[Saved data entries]
▼▼▼

definition pinv :: "real^'n^'m \<Rightarrow> real^'m^'n" where
  "pinv A = (THE B. A ** B ** A = A \<and> B ** A ** B = B \<and>
                    transpose (A ** B) = A ** B \<and> transpose (B ** A) = B ** A)"

definition spec_norm :: "real^'n^'m \<Rightarrow> real" where
  "spec_norm A = onorm (\<lambda>x. A *v x)"

definition frob_norm :: "real^'n^'m \<Rightarrow> real" where
  "frob_norm A = sqrt (\<Sum>i\<in>UNIV. \<Sum>j\<in>UNIV. (A $ i $ j)\<^sup>2)"

definition ind_mat :: "('n \<Rightarrow> 'k) \<Rightarrow> real^'n^'k" where
  "ind_mat lab = (\<chi> k j. if lab j = k then 1 else 0)"

end

theory Submission
  imports Defs
begin

text \<open>
  Since \<open>W\<close> is supported on the class blocks and its columns sum to one, the class indicator
  factors as \<open>F = E W\<close>, where \<open>E\<close> is the class indicator of the basis. Full row rank makes
  \<open>W\<^sup>\<dagger>\<close> a right inverse, so \<open>X = E\<close> and \<open>X W = F\<close>. Writing \<open>a = \<parallel>W\<^sup>\<dagger>\<parallel>\<^sub>2\<close>,
  \<open>s = \<parallel>\<Delta>W\<parallel>\<^sub>2\<close> and \<open>\<xi> = a s < 1\<close>, a lower bound on \<open>W'\<^sup>T\<close> gives
  \<open>\<parallel>W'\<^sup>\<dagger>\<parallel>\<^sub>2 \<le> a / (1 - \<xi>)\<close>. From \<open>X' = E (I - \<Delta>W W'\<^sup>\<dagger>)\<close> and
  \<open>X' W' = F + E \<Delta>W (I - P)\<close>, with \<open>P = W'\<^sup>\<dagger> W'\<close> an orthogonal projector, one gets
  \<open>\<parallel>X'\<parallel>\<^sub>F \<le> \<parallel>E\<parallel>\<^sub>F / (1 - \<xi>)\<close>, \<open>\<parallel>X' W'\<parallel>\<^sub>F \<ge> \<parallel>F\<parallel>\<^sub>F - s \<parallel>E\<parallel>\<^sub>F\<close> and
  \<open>\<parallel>X'\<parallel>\<^sub>F \<le> a \<parallel>X' W'\<parallel>\<^sub>F / (1 - \<xi>)\<close>; together they give
  \<open>\<parallel>X'\<parallel>\<^sub>F / \<parallel>X' W'\<parallel>\<^sub>F \<le> (\<parallel>E\<parallel>\<^sub>F / \<parallel>F\<parallel>\<^sub>F) (1 + \<xi>) / (1 - \<xi>)\<close>. Hence
  \<open>\<gamma>' \<le> \<gamma> (1 + \<delta>)\<^sup>2 ((1 + \<xi>) / (1 - \<xi>))\<^sup>2\<close>, which is sharper than the claim because
  \<open>r\<^sub>\<rho>, n\<^sub>\<rho> \<ge> 1\<close>.
\<close>

lemma matrix_add_rdistrib: "((A::real^'n^'m) + B) ** (C::real^'k^'n) = A ** C + B ** C"
  by (simp add: matrix_matrix_mult_def vec_eq_iff sum.distrib distrib_right)

lemma matrix_diff_rdistrib: "((A::real^'n^'m) - B) ** (C::real^'k^'n) = A ** C - B ** C"
  by (simp add: matrix_matrix_mult_def vec_eq_iff sum_subtractf left_diff_distrib)

lemma matrix_diff_ldistrib: "(A::real^'n^'m) ** ((B::real^'k^'n) - C) = A ** B - A ** C"
  by (simp add: matrix_matrix_mult_def vec_eq_iff sum_subtractf right_diff_distrib)

lemma matrix_mult_uminus_right: "(A::real^'n^'m) ** (- B::real^'k^'n) = - (A ** B)"
  by (simp add: matrix_matrix_mult_def vec_eq_iff sum_negf)

lemma transpose_add: "transpose ((A::real^'n^'m) + B) = transpose A + transpose B"
  by (simp add: transpose_def vec_eq_iff)

lemma transpose_diff: "transpose ((A::real^'n^'m) - B) = transpose A - transpose B"
  by (simp add: transpose_def vec_eq_iff)

lemma inner_transpose_matrix_vector:
  "inner (transpose A *v x) y = inner x ((A::real^'n^'m) *v y)"
  by (simp add: dot_lmul_matrix)

lemma mat_1_neq_0: "(mat 1 :: real^'n^'n) \<noteq> 0"
proof
  assume "(mat 1 :: real^'n^'n) = 0"
  then have "(mat 1 :: real^'n^'n) $ undefined $ undefined = 0" by simp
  then show False by (simp add: mat_def)
qed

subsection \<open>Spectral norm\<close>

lemma norm_matrix_vector_le_spec_norm: "norm ((A::real^'n^'m) *v x) \<le> spec_norm A * norm x"
  unfolding spec_norm_def by (rule onorm) simp

lemma spec_norm_nonneg: "0 \<le> spec_norm (A::real^'n^'m)"
  unfolding spec_norm_def by (rule onorm_pos_le) simp

lemma spec_norm_le:
  assumes "\<And>x. norm ((A::real^'n^'m) *v x) \<le> b * norm x"
  shows "spec_norm A \<le> b"
  unfolding spec_norm_def by (rule onorm_le) (use assms in auto)

lemma spec_norm_transpose_le: "spec_norm (transpose (A::real^'n^'m)) \<le> spec_norm A"
proof (rule spec_norm_le)
  fix x
  let ?y = "transpose A *v x"
  have "(norm ?y)\<^sup>2 = inner x (A *v ?y)"
    by (simp only: dot_square_norm [symmetric] inner_transpose_matrix_vector)
  also have "\<dots> \<le> norm x * norm (A *v ?y)" by (rule norm_cauchy_schwarz)
  also have "\<dots> \<le> norm x * (spec_norm A * norm ?y)"
    by (rule mult_left_mono [OF norm_matrix_vector_le_spec_norm]) simp
  finally have "norm ?y * norm ?y \<le> (spec_norm A * norm x) * norm ?y"
    by (simp add: power2_eq_square algebra_simps)
  then show "norm ?y \<le> spec_norm A * norm x"
    using spec_norm_nonneg [of A] by (cases "norm ?y = 0") (auto simp: mult_le_cancel_right)
qed

lemma spec_norm_mult_le:
  "spec_norm ((A::real^'n^'m) ** (B::real^'k^'n)) \<le> spec_norm A * spec_norm B"
proof -
  have "(\<lambda>x. (A ** B) *v x) = (\<lambda>x. A *v x) \<circ> (\<lambda>x. B *v x)"
    by (simp add: fun_eq_iff matrix_vector_mul_assoc)
  then show ?thesis
    unfolding spec_norm_def by (simp add: onorm_compose)
qed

▲▲▲

### Exercise
All the lines above need to be retyped exactly, with nothing left out.

### Response for this exercise
definition pinv :: "real^'n^'m \<Rightarrow> real^'m^'n" where
  "pinv A = (THE B. A ** B ** A = A \<and> B ** A ** B = B \<and>
                    transpose (A ** B) = A ** B \<and> transpose (B ** A) = B ** A)"

definition spec_norm :: "real^'n^'m \<Rightarrow> real" where
  "spec_norm A = onorm (\<lambda>x. A *v x)"

definition frob_norm :: "real^'n^'m \<Rightarrow> real" where
  "frob_norm A = sqrt (\<Sum>i\<in>UNIV. \<Sum>j\<in>UNIV. (A $ i $ j)\<^sup>2)"

definition ind_mat :: "('n \<Rightarrow> 'k) \<Rightarrow> real^'n^'k" where
  "ind_mat lab = (\<chi> k j. if lab j = k then 1 else 0)"

end

theory Submission
  imports Defs
begin

text \<open>
  Since \<open>W\<close> is supported on the class blocks and its columns sum to one, the class indicator
  factors as \<open>F = E W\<close>, where \<open>E\<close> is the class indicator of the basis. Full row rank makes
  \<open>W\<^sup>\<dagger>\<close> a right inverse, so \<open>X = E\<close> and \<open>X W = F\<close>. Writing \<open>a = \<parallel>W\<^sup>\<dagger>\<parallel>\<^sub>2\<close>,
  \<open>s = \<parallel>\<Delta>W\<parallel>\<^sub>2\<close> and \<open>\<xi> = a s < 1\<close>, a lower bound on \<open>W'\<^sup>T\<close> gives
  \<open>\<parallel>W'\<^sup>\<dagger>\<parallel>\<^sub>2 \<le> a / (1 - \<xi>)\<close>. From \<open>X' = E (I - \<Delta>W W'\<^sup>\<dagger>)\<close> and
  \<open>X' W' = F + E \<Delta>W (I - P)\<close>, with \<open>P = W'\<^sup>\<dagger> W'\<close> an orthogonal projector, one gets
  \<open>\<parallel>X'\<parallel>\<^sub>F \<le> \<parallel>E\<parallel>\<^sub>F / (1 - \<xi>)\<close>, \<open>\<parallel>X' W'\<parallel>\<^sub>F \<ge> \<parallel>F\<parallel>\<^sub>F - s \<parallel>E\<parallel>\<^sub>F\<close> and
  \<open>\<parallel>X'\<parallel>\<^sub>F \<le> a \<parallel>X' W'\<parallel>\<^sub>F / (1 - \<xi>)\<close>; together they give
  \<open>\<parallel>X'\<parallel>\<^sub>F / \<parallel>X' W'\<parallel>\<^sub>F \<le> (\<parallel>E\<parallel>\<^sub>F / \<parallel>F\<parallel>\<^sub>F) (1 + \<xi>) / (1 - \<xi>)\<close>. Hence
  \<open>\<gamma>' \<le> \<gamma> (1 + \<delta>)\<^sup>2 ((1 + \<xi>) / (1 - \<xi>))\<^sup>2\<close>, which is sharper than the claim because
  \<open>r\<^sub>\<rho>, n\<^sub>\<rho> \<ge> 1\<close>.
\<close>

lemma matrix_add_rdistrib: "((A::real^'n^'m) + B) ** (C::real^'k^'n) = A ** C + B ** C"
  by (simp add: matrix_matrix_mult_def vec_eq_iff sum.distrib distrib_right)

lemma matrix_diff_rdistrib: "((A::real^'n^'m) - B) ** (C::real^'k^'n) = A ** C - B ** C"
  by (simp add: matrix_matrix_mult_def vec_eq_iff sum_subtractf left_diff_distrib)

lemma matrix_diff_ldistrib: "(A::real^'n^'m) ** ((B::real^'k^'n) - C) = A ** B - A ** C"
  by (simp add: matrix_matrix_mult_def vec_eq_iff sum_subtractf right_diff_distrib)

lemma matrix_mult_uminus_right: "(A::real^'n^'m) ** (- B::real^'k^'n) = - (A ** B)"
  by (simp add: matrix_matrix_mult_def vec_eq_iff sum_negf)

lemma transpose_add: "transpose ((A::real^'n^'m) + B) = transpose A + transpose B"
  by (simp add: transpose_def vec_eq_iff)

lemma transpose_diff: "transpose ((A::real^'n^'m) - B) = transpose A - transpose B"
  by (simp add: transpose_def vec_eq_iff)

lemma inner_transpose_matrix_vector:
  "inner (transpose A *v x) y = inner x ((A::real^'n^'m) *v y)"
  by (simp add: dot_lmul_matrix)

lemma mat_1_neq_0: "(mat 1 :: real^'n^'n) \<noteq> 0"
proof
  assume "(mat 1 :: real^'n^'n) = 0"
  then have "(mat 1 :: real^'n^'n) $ undefined $ undefined = 0" by simp
  then show False by (simp add: mat_def)
qed

subsection \<open>Spectral norm\<close>

lemma norm_matrix_vector_le_spec_norm: "norm ((A::real^'n^'m) *v x) \<le> spec_norm A * norm x"
  unfolding spec_norm_def by (rule onorm) simp

lemma spec_norm_nonneg: "0 \<le> spec_norm (A::real^'n^'m)"
  unfolding spec_norm_def by (rule onorm_pos_le) simp

lemma spec_norm_le:
  assumes "\<And>x. norm ((A::real^'n^'m) *v x) \<le> b * norm x"
  shows "spec_norm A \<le> b"
  unfolding spec_norm_def by (rule onorm_le) (use assms in auto)

lemma spec_norm_transpose_le: "spec_norm (transpose (A::real^'n^'m)) \<le> spec_norm A"
proof (rule spec_norm_le)
  fix x
  let ?y = "transpose A *v x"
  have "(norm ?y)\<^sup>2 = inner x (A *v ?y)"
    by (simp only: dot_square_norm [symmetric] inner_transpose_matrix_vector)
  also have "\<dots> \<le> norm x * norm (A *v ?y)" by (rule norm_cauchy_schwarz)
  also have "\<dots> \<le> norm x * (spec_norm A * norm ?y)"
    by (rule mult_left_mono [OF norm_matrix_vector_le_spec_norm]) simp
  finally have "norm ?y * norm ?y \<le> (spec_norm A * norm x) * norm ?y"
    by (simp add: power2_eq_square algebra_simps)
  then show "norm ?y \<le> spec_norm A * norm x"
    using spec_norm_nonneg [of A] by (cases "norm ?y = 0") (auto simp: mult_le_cancel_right)
qed

lemma spec_norm_mult_le:
  "spec_norm ((A::real^'n^'m) ** (B::real^'k^'n)) \<le> spec_norm A * spec_norm B"
proof -
  have "(\<lambda>x. (A ** B) *v x) = (\<lambda>x. A *v x) \<circ> (\<lambda>x. B *v x)"
    by (simp add: fun_eq_iff matrix_vector_mul_assoc)
  then show ?thesis
    unfolding spec_norm_def by (simp add: onorm_compose)
qed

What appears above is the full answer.